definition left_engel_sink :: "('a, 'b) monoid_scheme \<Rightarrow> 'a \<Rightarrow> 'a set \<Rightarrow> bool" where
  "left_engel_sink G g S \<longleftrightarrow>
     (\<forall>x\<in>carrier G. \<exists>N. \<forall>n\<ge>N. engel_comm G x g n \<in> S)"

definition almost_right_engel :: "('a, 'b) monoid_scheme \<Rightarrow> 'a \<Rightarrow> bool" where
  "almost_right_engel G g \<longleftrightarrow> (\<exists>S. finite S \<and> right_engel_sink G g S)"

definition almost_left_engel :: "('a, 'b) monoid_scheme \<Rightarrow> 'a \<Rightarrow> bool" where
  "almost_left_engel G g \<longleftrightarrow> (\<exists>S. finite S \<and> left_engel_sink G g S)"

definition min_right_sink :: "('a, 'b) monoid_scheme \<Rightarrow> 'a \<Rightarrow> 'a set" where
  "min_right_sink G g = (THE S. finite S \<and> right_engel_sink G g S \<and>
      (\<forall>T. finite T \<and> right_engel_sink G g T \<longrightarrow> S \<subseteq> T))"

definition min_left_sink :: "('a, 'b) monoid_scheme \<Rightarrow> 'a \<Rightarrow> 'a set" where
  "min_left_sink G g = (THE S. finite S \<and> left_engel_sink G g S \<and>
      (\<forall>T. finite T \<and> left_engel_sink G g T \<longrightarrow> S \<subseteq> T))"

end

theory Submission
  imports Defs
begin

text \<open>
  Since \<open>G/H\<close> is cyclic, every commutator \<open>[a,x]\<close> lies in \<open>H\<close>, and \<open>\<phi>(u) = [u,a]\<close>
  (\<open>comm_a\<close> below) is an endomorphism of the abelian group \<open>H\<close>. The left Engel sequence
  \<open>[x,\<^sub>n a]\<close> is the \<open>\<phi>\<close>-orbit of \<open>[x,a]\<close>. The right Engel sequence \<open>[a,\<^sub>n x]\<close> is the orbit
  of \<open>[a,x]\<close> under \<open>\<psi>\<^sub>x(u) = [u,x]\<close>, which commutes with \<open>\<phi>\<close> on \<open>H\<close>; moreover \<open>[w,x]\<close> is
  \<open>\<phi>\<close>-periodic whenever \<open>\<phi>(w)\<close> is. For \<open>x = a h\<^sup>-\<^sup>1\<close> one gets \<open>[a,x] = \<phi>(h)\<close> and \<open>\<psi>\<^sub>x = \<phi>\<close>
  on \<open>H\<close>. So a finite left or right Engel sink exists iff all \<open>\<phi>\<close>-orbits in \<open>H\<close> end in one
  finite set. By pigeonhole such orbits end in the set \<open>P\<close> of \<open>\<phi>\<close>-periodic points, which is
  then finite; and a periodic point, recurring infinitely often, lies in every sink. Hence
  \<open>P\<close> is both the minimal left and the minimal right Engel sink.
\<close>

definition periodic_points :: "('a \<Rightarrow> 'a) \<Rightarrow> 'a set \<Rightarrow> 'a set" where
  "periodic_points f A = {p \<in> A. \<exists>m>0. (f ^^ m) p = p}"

· · ·

● YOUR TASK: Copy the lines of the data above exactly as written, beginning with the line containing "is the orbit" and ending with the line containing "on \<open>H\<close>. So", and leave out all other lines.

● ANSWER SECTION:
  \<open>[x,\<^sub>n a]\<close> is the \<open>\<phi>\<close>-orbit of \<open>[x,a]\<close>. The right Engel sequence \<open>[a,\<^sub>n x]\<close> is the orbit
  of \<open>[a,x]\<close> under \<open>\<psi>\<^sub>x(u) = [u,x]\<close>, which commutes with \<open>\<phi>\<close> on \<open>H\<close>; moreover \<open>[w,x]\<close> is
  \<open>\<phi>\<close>-periodic whenever \<open>\<phi>(w)\<close> is. For \<open>x = a h\<^sup>-\<^sup>1\<close> one gets \<open>[a,x] = \<phi>(h)\<close> and \<open>\<psi>\<^sub>x = \<phi>\<close>
  on \<open>H\<close>. So a finite left or right Engel sink exists iff all \<open>\<phi>\<close>-orbits in \<open>H\<close> end in one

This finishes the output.